The vulnerability can be reproduced by making use of a URL-encoded new line character. The pattern matching in multi line mode matches any non-hostile line and marks the whole request as legitimate, thus allowing the request. This results in a bypass in the positive model. An example is showed below:
http://testcases/phptest/xss.php?var=%3CEvil%20script%20goes%20here%3E=%0AByPass
Blacklist / negative model bypass
Versions 2.4 and 2.2 of Profense Web Application Firewall with the default configuration in negative model (blacklist approach) can be evaded to inject XSS (Cross-Site Scripting). The problem is due to the built-in core rules that can be abused using the flexibility provided by HTML and JavaScript.

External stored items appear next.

(* Let $K\subset\mathbb{R}^n$ be a closed convex set and $\sigma>0$. Then the worst case risk of the LSE satisfies $$\varepsilon_K\lesssim\sqrt{\sigma}\,C_n\,\sqrt{\varepsilon^*}\,n^{1/4},$$ where $C_n=4C(1+\log_{c^*}\sqrt{2\pi n})^{3/2}$ for sufficiently large absolute constants $C>1$ and $c^*$.
   Context: Gaussian sequence model: $Y=\mu+\xi$, $\mu\in K$, $\xi\sim N(0,\sigma^2\mathbb{I}_n)$; LSE $\hat\mu=\operatorname{argmin}_{\nu\in K}\|Y-\nu\|_2^2$; $\varepsilon_K^2=\sup_{\mu\in K}\mathbb{E}_\mu\|\hat\mu-\mu\|_2^2$. $M(\eta,T)$: maximal cardinality of a subset of $T$ with pairwise distances $>\eta$; local entropy $M^{\mathrm{loc}}(\varepsilon)=\sup_{\theta\in K}M(\varepsilon/c^*,B(\theta,\varepsilon)\cap K)$ ($c^*$ the same large absolute constant). $\varepsilon^*=\sup\{\varepsilon:\varepsilon^2/\sigma^2\le\log M^{\mathrm{loc}}(\varepsilon)\}$, whose square is (up to constants) the minimax risk over $K$. $\lesssim$ hides an absolute constant. *)

theory Defs
  imports "HOL-Analysis.Analysis" "HOL-Probability.Probability"
begin

text \<open>R^n is represented by functions nat => real vanishing outside {..<n}.\<close>

definition Rn :: "nat \<Rightarrow> (nat \<Rightarrow> real) set" where
  "Rn n = {x. \<forall>i\<ge>n. x i = 0}"
(* Let $X$ be a separated metric compact Hausdorff space with metric $d$ and let $A\subseteq X$ be a closed subset, with the induced topology and metric, so that the inclusion $A\hookrightarrow X$ is an embedding. Let $q_0,q_1\colon X\to P$ be the pushout in $\mathbf{MetCH_{sep}}$ of $A\hookrightarrow X$ along itself. Then the kernel metric of $\binom{q_0}{q_1}\colon X+X\to P$, i.e. $((x,i),(y,j))\mapsto d_P(q_i(x),q_j(y))$, equals $\gamma^A$.
   Context: A metric on a set $X$ is a map $d\colon X\times X\to[0,\infty]$ with $d(x,x)=0$ and $d(x,z)\le d(x,y)+d(y,z)$ (not necessarily symmetric, $\infty$ allowed); separated means $d(x,y)=0=d(y,x)$ implies $x=y$. A separated metric compact Hausdorff space is a compact Hausdorff space with a separated metric continuous $X\times X\to[0,\infty]$ for the upper topology on $[0,\infty]$ (open sets $]u,\infty]$); $\mathbf{MetCH_{sep}}$ is the category of these with continuous non-expansive maps; an embedding is an injective morphism preserving distances. $X+X$ is the coproduct with elements $(x,i)$, $i\in\{0,1\}$. $\gamma^A\colon(X+X)\times(X+X)\to[0,\infty]$ is defined by $\gamma^A((x,i),(y,i))=d(x,y)$ and $\gamma^A((x,i),(y,1-i))=\inf_{a\in A}(d(x,a)+d(a,y))$ for $x,y\in X$, $i\in\{0,1\}$. *)

theory Defs
  imports "HOL-Analysis.Analysis" "HOL-Library.Extended_Nonnegative_Real"
begin

text \<open>Metrics with values in [0,\<infinity>] are modelled by ennreal.
  A metric on the carrier S: d x x = 0 and the triangle inequality (no symmetry).\<close>
definition is_metric_on :: "'a set \<Rightarrow> ('a \<Rightarrow> 'a \<Rightarrow> ennreal) \<Rightarrow> bool" where
  "is_metric_on S d \<longleftrightarrow>
     (\<forall>x\<in>S. d x x = 0) \<and>
     (\<forall>x\<in>S. \<forall>y\<in>S. \<forall>z\<in>S. d x z \<le> d x y + d y z)"

definition separated_on :: "'a set \<Rightarrow> ('a \<Rightarrow> 'a \<Rightarrow> ennreal) \<Rightarrow> bool" where
  "separated_on S d \<longleftrightarrow> (\<forall>x\<in>S. \<forall>y\<in>S. d x y = 0 \<and> d y x = 0 \<longrightarrow> x = y)"

text \<open>Continuity of d : X \<times> X \<rightarrow> [0,\<infinity>] for the upper topology on [0,\<infinity>],
  whose open sets are ]u,\<infinity>] (together with the whole space and the empty set).\<close>
definition upper_continuous :: "'a topology \<Rightarrow> ('a \<Rightarrow> 'a \<Rightarrow> ennreal) \<Rightarrow> bool" where
  "upper_continuous T d \<longleftrightarrow>
     (\<forall>u. openin (prod_topology T T)
            {p \<in> topspace T \<times> topspace T. u < d (fst p) (snd p)})"

definition metch_sep :: "'a topology \<Rightarrow> ('a \<Rightarrow> 'a \<Rightarrow> ennreal) \<Rightarrow> bool" where
  "metch_sep T d \<longleftrightarrow> compact_space T \<and> Hausdorff_space T \<and>
     is_metric_on (topspace T) d \<and> separated_on (topspace T) d \<and> upper_continuous T d"

definition metch_mor :: "'a topology \<Rightarrow> ('a \<Rightarrow> 'a \<Rightarrow> ennreal) \<Rightarrow>
    'b topology \<Rightarrow> ('b \<Rightarrow> 'b \<Rightarrow> ennreal) \<Rightarrow> ('a \<Rightarrow> 'b) \<Rightarrow> bool" where
  "metch_mor T d S e f \<longleftrightarrow> continuous_map T S f \<and>
     (\<forall>x\<in>topspace T. \<forall>y\<in>topspace T. e (f x) (f y) \<le> d x y)"

text \<open>The universal property
  is stated for all test objects whose points lie in the type 'a + 'a (the type of X + X).\<close>
definition is_pushout_incl ::
  "'a topology \<Rightarrow> ('a \<Rightarrow> 'a \<Rightarrow> ennreal) \<Rightarrow> 'a set \<Rightarrow>
   'p topology \<Rightarrow> ('p \<Rightarrow> 'p \<Rightarrow> ennreal) \<Rightarrow> ('a \<Rightarrow> 'p) \<Rightarrow> ('a \<Rightarrow> 'p) \<Rightarrow> bool" where
  "is_pushout_incl X d A P dP q0 q1 \<longleftrightarrow>
     metch_sep P dP \<and> metch_mor X d P dP q0 \<and> metch_mor X d P dP q1 \<and>
     (\<forall>a\<in>A. q0 a = q1 a) \<and>
     (\<forall>(Y :: ('a + 'a) topology) e f0 f1.
        metch_sep Y e \<and> metch_mor X d Y e f0 \<and> metch_mor X d Y e f1 \<and>
        (\<forall>a\<in>A. f0 a = f1 a) \<longrightarrow>
          (\<exists>u. metch_mor P dP Y e u \<and>
               (\<forall>x\<in>topspace X. u (q0 x) = f0 x \<and> u (q1 x) = f1 x)) \<and>
          (\<forall>u v. metch_mor P dP Y e u \<and>
               (\<forall>x\<in>topspace X. u (q0 x) = f0 x \<and> u (q1 x) = f1 x) \<and>
               metch_mor P dP Y e v \<and>
               (\<forall>x\<in>topspace X. v (q0 x) = f0 x \<and> v (q1 x) = f1 x) \<longrightarrow>
               (\<forall>p\<in>topspace P. u p = v p)))"
lemma weight_lipschitz: "\<exists>L. L-lipschitz_on {\<xi>1..\<xi>2} weight"
proof -
  define P where "P x = (1 - x) * (1 + x) * (\<xi>3 - x)" for x
  define P' where "P' x = (1 - x) * (\<xi>3 - x) - (1 + x) * (\<xi>3 - x) - (1 - x) * (1 + x)" for x
  have P_pos: "0 < P x" if "x \<in> {\<xi>1..\<xi>2}" for x
    using order that by (simp add: P_def)
  have weight_eq: "weight = (\<lambda>x. 1 / sqrt (P x))"
    by (simp add: fun_eq_iff weight_def P_def real_sqrt_mult)
  have deriv: "((\<lambda>x. 1 / sqrt (P x)) has_real_derivative - (P' x / (2 * P x * sqrt (P x)))) (at x)"
    if "x \<in> {\<xi>1..\<xi>2}" for x
    using P_pos[OF that] unfolding P_def P'_def
    by (auto intro!: derivative_eq_intros simp: field_simps)
  have cont: "continuous_on {\<xi>1..\<xi>2} (\<lambda>x. - (P' x / (2 * P x * sqrt (P x))))"
    using P_pos order unfolding P_def P'_def by (intro continuous_intros) auto
  show ?thesis
    unfolding weight_eq by (rule lipschitz_on_if_continuous_derivative[OF deriv cont])
qed

lemma gfun_eq:
  assumes "0 \<le> s" "0 \<le> t" "\<xi>1 < x" "x < \<xi>2 - t"
  shows "gfun \<xi>1 \<xi>2 \<xi>3 s t x = - of_real (weight x * left_factor \<xi>1 s x * right_factor \<xi>2 t x)"
proof -
  have "gfun \<xi>1 \<xi>2 \<xi>3 s t x = of_real (sqrt (x - \<xi>1 + s)) * (\<i> * of_real (sqrt (\<xi>2 - t - x))) /
     ((\<i> * of_real (sqrt (1 - x))) * of_real (sqrt (x + 1)) * of_real (sqrt (x - \<xi>1))
       * (\<i> * of_real (sqrt (\<xi>2 - x))) * (\<i> * of_real (sqrt (\<xi>3 - x))))"
    unfolding gfun_def using assms order by (simp add: psqrt_of_pos psqrt_of_neg)
  moreover have "0 < sqrt (1 - x)" "0 < sqrt (x + 1)" "0 < sqrt (x - \<xi>1)" "0 < sqrt (\<xi>2 - x)" "0 < sqrt (\<xi>3 - x)"
    using assms order by auto
  ultimately show ?thesis
    by (simp add: weight_def left_factor_def right_factor_def field_simps add.commute)
qed

lemma Qfun_eqI:
  assumes "0 \<le> s" "0 \<le> t"
    and "((\<lambda>x. weight x * left_factor \<xi>1 s x * right_factor \<xi>2 t x) has_integral v) {\<xi>1..\<xi>2 - t}"
  shows "Q s t = of_real v"
proof -
  have int: "((\<lambda>x. - complex_of_real (weight x * left_factor \<xi>1 s x * right_factor \<xi>2 t x))
      has_integral - complex_of_real v) {\<xi>1..\<xi>2 - t}"
    by (rule has_integral_neg[OF has_integral_of_real[OF assms(3)]])
  have eq: "gfun \<xi>1 \<xi>2 \<xi>3 s t x = - of_real (weight x * left_factor \<xi>1 s x * right_factor \<xi>2 t x)"
    if "x \<in> {\<xi>1..\<xi>2 - t} - {\<xi>1, \<xi>2 - t}" for x
    using assms that by (intro gfun_eq) auto
  have "(gfun \<xi>1 \<xi>2 \<xi>3 s t has_integral - of_real v) {\<xi>1..\<xi>2 - t}"
    using has_integral_spike_finite[of "{\<xi>1, \<xi>2 - t}", OF _ eq int] by simp
  then show ?thesis
    by (simp add: Qfun_def integral_unique)
qed

lemma Qfun_0_0: "Q 0 0 = of_real (integral {\<xi>1..\<xi>2} weight)"
proof (rule Qfun_eqI[OF order_refl order_refl])
  have int: "(weight has_integral integral {\<xi>1..\<xi>2} weight) {\<xi>1..\<xi>2 - 0}"
    using integrable_integral[OF integrable_continuous_interval[OF continuous_on_weight]] by simp
  have eq: "weight x * left_factor \<xi>1 0 x * right_factor \<xi>2 0 x = weight x"
    if "x \<in> {\<xi>1..\<xi>2 - 0} - {\<xi>1, \<xi>2}" for x
    using that by (simp add: left_factor_def right_factor_def)
  show "((\<lambda>x. weight x * left_factor \<xi>1 0 x * right_factor \<xi>2 0 x)
      has_integral integral {\<xi>1..\<xi>2} weight) {\<xi>1..\<xi>2 - 0}"
    using has_integral_spike_finite[of "{\<xi>1, \<xi>2}", OF _ eq int] by simp
qed

text \<open>A common bound for the logarithms in the remainders of the two explicit integrals.\<close>

definition log_const :: real where
  "log_const = \<bar>ln (sqrt ((\<xi>2 - \<xi>1) / 2))\<bar> + \<bar>ln (2 * sqrt (\<xi>2 - \<xi>1 + 1))\<bar>"

lemma log_const_nonneg: "0 \<le> log_const"
  by (simp add: log_const_def)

The vulnerability can be reproduced by injecting a common XSS attack in a vulnerable application protected by Profense Web Application Firewall. Inserting extra characters in the JavaScript close tag will bypass the XSS protection mechanisms. An example is shown below: http://testcases/phptest/xss.php?var=%3Cscript%3Ealert(document.cookie)%3C/script%20ByPass%3E
Static root password exposes administrative interface
Versions 2.4 and 2.2 of Profense Web Application Firewall with the default configuration the root password hash is the same default in all available products. The SSH server is enabled by default on the administrative interface and accepts root authentication using user and password credential. The hashing algorithm used is OpenBSD's blowfish password hash which is known to be strong. However the existence of a static password means that if this password is leaked in some way or another, then the attacker potentially has access to all exposed administrative interfaces.
CVE Information:
CVE-2009-1594
CVE-2009-1593
Disclosure Timeline:
Oct 10, 2008: Initial contact.
Oct 10, 2008: Confirmation of the vulnerabilities.
Oct 11, 2008: Discussion of possible fixes.
Oct 13, 2008: Fix from Armorlogic complete.
Oct 14, 2008: Fix issued to customers.
May 13, 2009: Advisory public release.